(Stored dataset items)
▼

(* Let $k$, $n$, and $d$ be positive integers with $n\geq 2d$, $\gcd(n,d)=1$, and $\frac{n}{d}<k$. If $G$ is a finite, simple, undirected, connected graph with $\chi(G)=k$ and $\chi_c(G)=\frac{n}{d}$, then $G$ has a $k$-coloring $f$ such that (1) for at least $\left(\frac{\chi(G)(\chi_c(G)+1-\chi(G))}{\chi_c(G)}\right)|V(G)|$ vertices $u$ of $G$, some full $f$-rainbow path begins at $u$, and (2) for each of the remaining vertices $v$ of $G$, some $f$-rainbow path of order $k-1$ begins at $v$.
   Context: For a positive integer $k$, $[k]=\{1,\dots,k\}$. A $k$-coloring of $G$ is a function $f:V(G)\to[k]$ with $f(u)\neq f(v)$ for every two adjacent vertices $u,v$; $\chi(G)$ is the minimum $k$ for which a $k$-coloring exists. For positive integers $n,d$ with $n\ge 2d$ and $\gcd(n,d)=1$, an $(n,d)$-coloring of $G$ is a function $c:V(G)\to[n]$ with $d\le |c(u)-c(v)|\le n-d$ for every two adjacent vertices $u,v$. The circular chromatic number $\chi_c(G)$ is the infimum (in fact a minimum) of $n/d$ over all $(n,d)$-colorings of $G$. For a $k$-coloring $f$, an $f$-rainbow path is a path in $G$ whose vertices have pairwise distinct colors under $f$; it is full if it has order (number of vertices) $k$. A path begins at $u$ if $u$ is one of its end vertices. *)

theory Defs
  imports Complex_Main
begin

definition simple_graph :: "'a set \<Rightarrow> ('a \<Rightarrow> 'a \<Rightarrow> bool) \<Rightarrow> bool" where
  "simple_graph V E \<longleftrightarrow> finite V \<and>
     (\<forall>u v. E u v \<longrightarrow> u \<in> V \<and> v \<in> V \<and> u \<noteq> v \<and> E v u)"

text \<open>A path, given as the (nonempty) list of its distinct vertices in order;
its order is the length of the list.\<close>
definition is_path :: "'a set \<Rightarrow> ('a \<Rightarrow> 'a \<Rightarrow> bool) \<Rightarrow> 'a list \<Rightarrow> bool" where
  "is_path V E ps \<longleftrightarrow> ps \<noteq> [] \<and> distinct ps \<and> set ps \<subseteq> V \<and>
     (\<forall>i. Suc i < length ps \<longrightarrow> E (ps ! i) (ps ! Suc i))"

definition connected_graph :: "'a set \<Rightarrow> ('a \<Rightarrow> 'a \<Rightarrow> bool) \<Rightarrow> bool" where
  "connected_graph V E \<longleftrightarrow> V \<noteq> {} \<and>
     (\<forall>u\<in>V. \<forall>v\<in>V. \<exists>ps. is_path V E ps \<and> hd ps = u \<and> last ps = v)"

definition coloring :: "'a set \<Rightarrow> ('a \<Rightarrow> 'a \<Rightarrow> bool) \<Rightarrow> nat \<Rightarrow> ('a \<Rightarrow> nat) \<Rightarrow> bool" where
  "coloring V E k f \<longleftrightarrow> (\<forall>v\<in>V. f v \<in> {1..k}) \<and>
     (\<forall>u\<in>V. \<forall>v\<in>V. E u v \<longrightarrow> f u \<noteq> f v)"

definition chromatic_number :: "'a set \<Rightarrow> ('a \<Rightarrow> 'a \<Rightarrow> bool) \<Rightarrow> nat" where
  "chromatic_number V E = (LEAST k. \<exists>f. coloring V E k f)"

definition nd_coloring :: "'a set \<Rightarrow> ('a \<Rightarrow> 'a \<Rightarrow> bool) \<Rightarrow> nat \<Rightarrow> nat \<Rightarrow> ('a \<Rightarrow> nat) \<Rightarrow> bool" where
  "nd_coloring V E n d c \<longleftrightarrow> (\<forall>v\<in>V. c v \<in> {1..n}) \<and>
     (\<forall>u\<in>V. \<forall>v\<in>V. E u v \<longrightarrow>
        int d \<le> \<bar>int (c u) - int (c v)\<bar> \<and> \<bar>int (c u) - int (c v)\<bar> \<le> int n - int d)"

definition circular_chromatic_number :: "'a set \<Rightarrow> ('a \<Rightarrow> 'a \<Rightarrow> bool) \<Rightarrow> real" where
  "circular_chromatic_number V E =
     Inf {real n / real d | n d. 0 < n \<and> 0 < d \<and> 2 * d \<le> n \<and> gcd n d = 1 \<and>
                               (\<exists>c. nd_coloring V E n d c)}"

definition rainbow_path :: "'a set \<Rightarrow> ('a \<Rightarrow> 'a \<Rightarrow> bool) \<Rightarrow> ('a \<Rightarrow> nat) \<Rightarrow> 'a list \<Rightarrow> bool" where
  "rainbow_path V E f ps \<longleftrightarrow> is_path V E ps \<and> inj_on f (set ps)"

definition begins_at :: "'a list \<Rightarrow> 'a \<Rightarrow> bool" where
  "begins_at ps u \<longleftrightarrow> ps \<noteq> [] \<and> (hd ps = u \<or> last ps = u)"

▲

Work task>
From the records above, transcribe without alteration every line from the one with "bool) \<Rightarrow> 'a" to the one with "E \<longleftrightarrow> V", inclusive.

Response for this exercise>
definition is_path :: "'a set \<Rightarrow> ('a \<Rightarrow> 'a \<Rightarrow> bool) \<Rightarrow> 'a list \<Rightarrow> bool" where
  "is_path V E ps \<longleftrightarrow> ps \<noteq> [] \<and> distinct ps \<and> set ps \<subseteq> V \<and>
     (\<forall>i. Suc i < length ps \<longrightarrow> E (ps ! i) (ps ! Suc i))"

definition connected_graph :: "'a set \<Rightarrow> ('a \<Rightarrow> 'a \<Rightarrow> bool) \<Rightarrow> bool" where
  "connected_graph V E \<longleftrightarrow> V \<noteq> {} \<and>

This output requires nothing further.